What this task involves » Output exactly the lines below, starting with the line that has "FilterBased \<Rightarrow> transpose" and going on through the line that has "option) \<Rightarrow> real", both included, and no other lines.

Collected data
(* Consider either the filter-based or the feature-based SDL loss $L(\mathbf{W},\mathbf{H},\boldsymbol{\beta},\boldsymbol{\Gamma})$ described in the context, assume (A4), and assume the constraint sets $\mathcal{C}^{\mathrm{dict}}\subseteq\mathbb{R}^{p\times r}$, $\mathcal{C}^{\mathrm{code}}\subseteq\mathbb{R}^{r\times n}$, $\mathcal{C}^{\mathrm{beta}}\subseteq\mathbb{R}^{r\times\kappa}$, $\mathcal{C}^{\mathrm{aux}}\subseteq\mathbb{R}^{q\times\kappa}$ are convex and compact. Write $\boldsymbol{\Theta}=\mathcal{C}^{\mathrm{dict}}\times\mathcal{C}^{\mathrm{code}}\times\mathcal{C}^{\mathrm{beta}}\times\mathcal{C}^{\mathrm{aux}}$, and let $\mathbf{Z}_t=(\mathbf{W}_t,\mathbf{H}_t,\boldsymbol{\beta}_t,\boldsymbol{\Gamma}_t)$ be the iterates of the block coordinate descent with diminishing radius (BCD-DR) with radii $r_t$ satisfying $\sum_{t=1}^\infty r_t=\infty$ and $\sum_{t=1}^\infty r_t^2<\infty$. Then for every initial estimate $\mathbf{Z}_0\in\boldsymbol{\Theta}$ and every $\xi\ge0$: (i) $\mathbf{Z}_t$ converges to the set of stationary points of $L$ over $\boldsymbol{\Theta}$; (ii) for each $T\ge1$, $$\min_{1\le k\le T}\Big[-\inf_{\mathbf{Z}\in\boldsymbol{\Theta}}\Big\langle\nabla L(\mathbf{Z}_k),\frac{\mathbf{Z}-\mathbf{Z}_k}{\|\mathbf{Z}-\mathbf{Z}_k\|_F}\Big\rangle\Big]=O\Big(\Big(\sum_{k=1}^T r_k\Big)^{-1}\Big);$$ (iii) if $r_k=1/(\sqrt k\log k)$, then for each $\varepsilon>0$ an $\varepsilon$-stationary point is achieved within $O(\varepsilon^{-1}(\log\varepsilon^{-1})^2)$ iterations.
   Context: Data: $\mathbf{X}_{\mathrm{data}}=[\mathbf{x}_1,\dots,\mathbf{x}_n]\in\mathbb{R}^{p\times n}$, $\mathbf{X}_{\mathrm{aux}}=[\mathbf{x}_1',\dots,\mathbf{x}_n']\in\mathbb{R}^{q\times n}$, labels $y_i\in\{0,\dots,\kappa\}$. Fix a score function $h:\mathbb{R}\to[0,\infty)$; for $\mathbf{a}\in\mathbb{R}^\kappa$, $g_0(\mathbf{a})=1/(1+\sum_{c=1}^\kappa h(a_c))$, $g_j(\mathbf{a})=h(a_j)/(1+\sum_{c}h(a_c))$, and $\ell(y,\mathbf{g}(\mathbf{a}))=-\sum_{j=0}^\kappa\mathbf{1}(y=j)\log g_j(\mathbf{a})$. For $\mathbf{W}\in\mathbb{R}^{p\times r}$, $\mathbf{H}=[\mathbf{h}_1,\dots,\mathbf{h}_n]\in\mathbb{R}^{r\times n}$, $\boldsymbol{\beta}\in\mathbb{R}^{r\times\kappa}$, $\boldsymbol{\Gamma}\in\mathbb{R}^{q\times\kappa}$, the SDL loss is $L=\sum_{i=1}^n\ell(y_i,\mathbf{g}(\mathbf{a}_i))+\xi\|\mathbf{X}_{\mathrm{data}}-\mathbf{W}\mathbf{H}\|_F^2$, where $\mathbf{a}_i=\boldsymbol{\beta}^T\mathbf{W}^T\mathbf{x}_i+\boldsymbol{\Gamma}^T\mathbf{x}_i'$ (filter-based) or $\mathbf{a}_i=\boldsymbol{\beta}^T\mathbf{h}_i+\boldsymbol{\Gamma}^T\mathbf{x}_i'$ (feature-based). BCD-DR: initialize $(\mathbf{W}_0,\mathbf{H}_0,\boldsymbol{\beta}_0,\boldsymbol{\Gamma}_0)\in\boldsymbol{\Theta}$; for $k\ge1$, $\mathbf{W}_k\in\arg\min\{L(\mathbf{W},\mathbf{H}_{k-1},\boldsymbol{\beta}_{k-1},\boldsymbol{\Gamma}_{k-1}):\mathbf{W}\in\mathcal{C}^{\mathrm{dict}},\|\mathbf{W}-\mathbf{W}_{k-1}\|_F\le r_k\}$, then $\boldsymbol{\beta}_k\in\arg\min\{L(\mathbf{W}_k,\mathbf{H}_{k-1},\boldsymbol{\beta},\boldsymbol{\Gamma}_{k-1}):\boldsymbol{\beta}\in\mathcal{C}^{\mathrm{beta}},\|\boldsymbol{\beta}-\boldsymbol{\beta}_{k-1}\|_F\le r_k\}$, then $\boldsymbol{\Gamma}_k\in\arg\min\{L(\mathbf{W}_k,\mathbf{H}_{k-1},\boldsymbol{\beta}_k,\boldsymbol{\Gamma}):\boldsymbol{\Gamma}\in\mathcal{C}^{\mathrm{aux}},\|\boldsymbol{\Gamma}-\boldsymbol{\Gamma}_{k-1}\|_F\le r_k\}$, then $\mathbf{H}_k\in\arg\min\{L(\mathbf{W}_k,\mathbf{H},\boldsymbol{\beta}_k,\boldsymbol{\Gamma}_k):\mathbf{H}\in\mathcal{C}^{\mathrm{code}},\|\mathbf{H}-\mathbf{H}_{k-1}\|_F\le r_k\}$. A point $\mathbf{Z}^*\in\boldsymbol{\Theta}$ is stationary for $L$ over $\boldsymbol{\Theta}$ if $\langle\nabla L(\mathbf{Z}^* ),\mathbf{Z}-\mathbf{Z}^*\rangle\ge0$ for all $\mathbf{Z}\in\boldsymbol{\Theta}$; it is $\varepsilon$-stationary if $-\inf_{\mathbf{Z}\in\boldsymbol{\Theta}}\langle\nabla L(\mathbf{Z}^* ),(\mathbf{Z}-\mathbf{Z}^* )/\|\mathbf{Z}-\mathbf{Z}^*\|_F\rangle\le\sqrt\varepsilon$ (Frobenius norm on the product, summing squares over blocks). (A4): $h$ is twice continuously differentiable, and for some constant $M>0$ there are constants $\gamma_{\max},\alpha^-,\alpha^+>0$ with $\gamma_{\max}=\sup_{\|\mathbf{a}\|<M}\max_s\|\dot{\mathbf{h}}(y_s,\mathbf{a})\|_\infty$, $\alpha^-=\inf_{\|\mathbf{a}\|<M}\min_s\lambda_{\min}(\ddot{\mathbf{H}}(y_s,\mathbf{a}))$, $\alpha^+=\sup_{\|\mathbf{a}\|<M}\max_s\lambda_{\max}(\ddot{\mathbf{H}}(y_s,\mathbf{a}))$, where $\dot h_j(y,\mathbf{a})=\frac{h'(a_j)}{1+\sum_c h(a_c)}-\mathbf{1}(y=j)\frac{h'(a_j)}{h(a_j)}$ and $\ddot{\mathbf{H}}(y,\mathbf{a})_{ij}=\frac{h''(a_j)\mathbf{1}(i=j)}{1+\sum_c h(a_c)}-\frac{h'(a_i)h'(a_j)}{(1+\sum_c h(a_c))^2}-\mathbf{1}(y=i=j)\Big(\frac{h''(a_j)}{h(a_j)}-\frac{h'(a_j)^2}{h(a_j)^2}\Big)$. *)

theory Defs
  imports "HOL-Analysis.Analysis" "HOL-Library.Landau_Symbols"
begin

text \<open>Dimensions: data dim p = CARD('p), aux dim q = CARD('q), rank r = CARD('r),
  samples n = CARD('n), number of non-baseline classes kappa = CARD('k).
  A label in {0,...,kappa} is an element of 'k option (None = class 0, Some j = class j).
  Matrices are real^cols^rows, so norm is the Frobenius norm.\<close>

datatype sdl_kind = FilterBased | FeatureBased

definition sdl_g :: "(real \<Rightarrow> real) \<Rightarrow> real^'k \<Rightarrow> 'k option \<Rightarrow> real" where
  "sdl_g h a j = (case j of
      None \<Rightarrow> 1 / (1 + (\<Sum>c\<in>UNIV. h (a $ c)))
    | Some jj \<Rightarrow> h (a $ jj) / (1 + (\<Sum>c\<in>UNIV. h (a $ c))))"

definition sdl_ell :: "(real \<Rightarrow> real) \<Rightarrow> 'k::finite option \<Rightarrow> real^'k \<Rightarrow> real" where
  "sdl_ell h y a = - (\<Sum>j\<in>UNIV. (if y = j then 1 else 0) * ln (sdl_g h a j))"

type_synonym ('p,'q,'r,'n,'k) sdl_param =
  "(real^'r^'p) \<times> (real^'n^'r) \<times> (real^'k^'r) \<times> (real^'k^'q)"

definition sdl_act ::
  "sdl_kind \<Rightarrow> real^'n^'p \<Rightarrow> real^'n^'q \<Rightarrow> ('p::finite,'q::finite,'r::finite,'n::finite,'k::finite) sdl_param
     \<Rightarrow> 'n \<Rightarrow> real^'k" where
  "sdl_act kind Xd Xa Z i = (case Z of (W, H, \<beta>, \<Gamma>) \<Rightarrow>
     (case kind of
        FilterBased \<Rightarrow> transpose \<beta> *v (transpose W *v column i Xd)
      | FeatureBased \<Rightarrow> transpose \<beta> *v column i H)
     + transpose \<Gamma> *v column i Xa)"

definition sdl_loss ::
  "(real \<Rightarrow> real) \<Rightarrow> sdl_kind \<Rightarrow> real^'n^'p \<Rightarrow> real^'n^'q \<Rightarrow> ('n \<Rightarrow> 'k option) \<Rightarrow> real
     \<Rightarrow> ('p::finite,'q::finite,'r::finite,'n::finite,'k::finite) sdl_param \<Rightarrow> real" where
  "sdl_loss h kind Xd Xa y \<xi> Z =
     (\<Sum>i\<in>UNIV. sdl_ell h (y i) (sdl_act kind Xd Xa Z i))
     + \<xi> * (norm (Xd - fst Z ** fst (snd Z)))\<^sup>2"

text \<open>Block coordinate descent with diminishing radius; Z : nat \<Rightarrow> parameter is any
  sequence of iterates produced by BCD-DR (any choice of minimizers).\<close>
definition bcd_dr ::
  "(('a::real_normed_vector) \<times> ('b::real_normed_vector) \<times> ('c::real_normed_vector) \<times> ('d::real_normed_vector) \<Rightarrow> real)
    \<Rightarrow> 'a set \<Rightarrow> 'b set \<Rightarrow> 'c set \<Rightarrow> 'd set \<Rightarrow> (nat \<Rightarrow> real) \<Rightarrow> (nat \<Rightarrow> 'a \<times> 'b \<times> 'c \<times> 'd) \<Rightarrow> bool" where
  "bcd_dr L CW CH Cb CG r Z \<longleftrightarrow>
     Z 0 \<in> CW \<times> CH \<times> Cb \<times> CG \<and>
     (\<forall>k\<ge>1. case Z (k - 1) of (W0, H0, b0, G0) \<Rightarrow> (case Z k of (W1, H1, b1, G1) \<Rightarrow>
        is_arg_min (\<lambda>W. L (W, H0, b0, G0)) (\<lambda>W. W \<in> CW \<and> dist W W0 \<le> r k) W1 \<and>
        is_arg_min (\<lambda>b. L (W1, H0, b, G0)) (\<lambda>b. b \<in> Cb \<and> dist b b0 \<le> r k) b1 \<and>
        is_arg_min (\<lambda>G. L (W1, H0, b1, G)) (\<lambda>G. G \<in> CG \<and> dist G G0 \<le> r k) G1 \<and>
        is_arg_min (\<lambda>H. L (W1, H, b1, G1)) (\<lambda>H. H \<in> CH \<and> dist H H0 \<le> r k) H1))"

definition grad :: "('a::real_inner \<Rightarrow> real) \<Rightarrow> 'a \<Rightarrow> 'a" where
  "grad f x = (THE G. (f has_derivative (\<lambda>v. inner G v)) (at x))"

definition stationary_on :: "('a::real_inner \<Rightarrow> real) \<Rightarrow> 'a set \<Rightarrow> 'a \<Rightarrow> bool" where
  "stationary_on L \<Theta> Z \<longleftrightarrow> Z \<in> \<Theta> \<and> (\<forall>Z'\<in>\<Theta>. inner (grad L Z) (Z' - Z) \<ge> 0)"

text \<open>Stationarity measure  - inf_{Z' in Theta} <grad L(Z), (Z'-Z)/||Z'-Z||>
  (the term Z' = Z contributes 0, by the convention x/0 = 0).\<close>
definition stat_measure :: "('a::real_inner \<Rightarrow> real) \<Rightarrow> 'a set \<Rightarrow> 'a \<Rightarrow> real" where
  "stat_measure L \<Theta> Z = - (INF Z'\<in>\<Theta>. inner (grad L Z) ((1 / norm (Z' - Z)) *\<^sub>R (Z' - Z)))"

definition eps_stationary :: "('a::real_inner \<Rightarrow> real) \<Rightarrow> 'a set \<Rightarrow> real \<Rightarrow> 'a \<Rightarrow> bool" where
  "eps_stationary L \<Theta> \<epsilon> Z \<longleftrightarrow> Z \<in> \<Theta> \<and> stat_measure L \<Theta> Z \<le> sqrt \<epsilon>"

definition sdl_hdot :: "(real \<Rightarrow> real) \<Rightarrow> (real \<Rightarrow> real) \<Rightarrow> 'k::finite option \<Rightarrow> real^'k \<Rightarrow> real^'k" where
  "sdl_hdot h h' y a = (\<chi> j. h' (a $ j) / (1 + (\<Sum>c\<in>UNIV. h (a $ c)))
        - (if y = Some j then h' (a $ j) / h (a $ j) else 0))"

definition sdl_Hddot ::
  "(real \<Rightarrow> real) \<Rightarrow> (real \<Rightarrow> real) \<Rightarrow> (real \<Rightarrow> real) \<Rightarrow> 'k::finite option \<Rightarrow> real^'k \<Rightarrow> real^'k^'k" where
  "sdl_Hddot h h' h'' y a = (\<chi> i j.
        (if i = j then h'' (a $ j) / (1 + (\<Sum>c\<in>UNIV. h (a $ c))) else 0)
      - h' (a $ i) * h' (a $ j) / (1 + (\<Sum>c\<in>UNIV. h (a $ c)))\<^sup>2
      - (if y = Some i \<and> i = j then h'' (a $ j) / h (a $ j) - (h' (a $ j))\<^sup>2 / (h (a $ j))\<^sup>2 else 0))"

definition real_eigenvalues :: "real^'k^'k \<Rightarrow> real set" where
  "real_eigenvalues A = {c. \<exists>v. v \<noteq> 0 \<and> A *v v = c *\<^sub>R v}"

definition lambda_min :: "real^'k^'k \<Rightarrow> real" where
  "lambda_min A = Min (real_eigenvalues A)"

definition lambda_max :: "real^'k^'k \<Rightarrow> real" where
  "lambda_max A = Max (real_eigenvalues A)"

definition assm_A4 ::
  "(real \<Rightarrow> real) \<Rightarrow> (real \<Rightarrow> real) \<Rightarrow> (real \<Rightarrow> real) \<Rightarrow> ('n \<Rightarrow> 'k::finite option) \<Rightarrow> bool" where
  "assm_A4 h h' h'' y \<longleftrightarrow>
     (\<forall>x. (h has_real_derivative h' x) (at x)) \<and>
     (\<forall>x. (h' has_real_derivative h'' x) (at x)) \<and> continuous_on UNIV h'' \<and>
     (\<exists>M>0.
        bdd_above {infnorm (sdl_hdot h h' (y s) a) | s a. norm a < M} \<and>
        Sup {infnorm (sdl_hdot h h' (y s) a) | s a. norm a < M} > 0 \<and>
        bdd_below {lambda_min (sdl_Hddot h h' h'' (y s) a) | s a. norm a < M} \<and>
        Inf {lambda_min (sdl_Hddot h h' h'' (y s) a) | s a. norm a < M} > 0 \<and>
        bdd_above {lambda_max (sdl_Hddot h h' h'' (y s) a) | s a. norm a < M} \<and>
        Sup {lambda_max (sdl_Hddot h h' h'' (y s) a) | s a. norm a < M} > 0)"

end

theory Submission
  imports Defs "HOL-Real_Asymp.Real_Asymp"
begin

(*
  On the compact parameter set the SDL loss L is bounded and has a Lipschitz gradient, because it
  is assembled from C^2 scalar functions by sums, products, bilinear maps and compositions.
  In every block update, first-order optimality of the minimiser over a ball of radius r_k,
  combined with the descent lemma, bounds the stationarity measure m of the new iterate:
    r_k * m(Z_k) <= L(Z_(k-1)) - L(Z_k) + 16 K r_k^2.
  Telescoping and summability of r_k^2 give sum_k r_k m(Z_k) < infinity. This yields (ii) at once,
  and (iii) because sum_(k<=T) 1/(sqrt k log k) >= sqrt T / (2 log T).
  For (i), suppose a limit point l is not stationary, so m >= c > 0 near l. Iterates move by at
  most 4 r_k with r_k -> 0; once the tail of the series is small, an iterate close to l can leave
  the neighbourhood only by spending r-mass that the series cannot pay for, so it stays there for
  ever, and then sum_k r_k m(Z_k) >= c sum_k r_k = infinity.
*)

section \<open>Smooth functions\<close>

(* Boundedness of f and D is built in so that the class is closed under products and composition;
   the Lipschitz bound on D is what the descent lemma needs. *)
definition smooth_deriv_on ::
  "real \<Rightarrow> 'a::real_normed_vector set \<Rightarrow> ('a \<Rightarrow> 'b::real_normed_vector) \<Rightarrow> ('a \<Rightarrow> 'a \<Rightarrow> 'b) \<Rightarrow> bool"
  where "smooth_deriv_on K S f D \<longleftrightarrow> 0 \<le> K \<and>
    (\<forall>x\<in>S. (f has_derivative D x) (at x) \<and> norm (f x) \<le> K \<and> (\<forall>v. norm (D x v) \<le> K * norm v) \<and>
      (\<forall>y\<in>S. norm (f x - f y) \<le> K * norm (x - y) \<and>
        (\<forall>v. norm (D x v - D y v) \<le> K * norm (x - y) * norm v)))"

Written solution »
        FilterBased \<Rightarrow> transpose \<beta> *v (transpose W *v column i Xd)
      | FeatureBased \<Rightarrow> transpose \<beta> *v column i H)
     + transpose \<Gamma> *v column i Xa)"

definition sdl_loss ::
  "(real \<Rightarrow> real) \<Rightarrow> sdl_kind \<Rightarrow> real^'n^'p \<Rightarrow> real^'n^'q \<Rightarrow> ('n \<Rightarrow> 'k option) \<Rightarrow> real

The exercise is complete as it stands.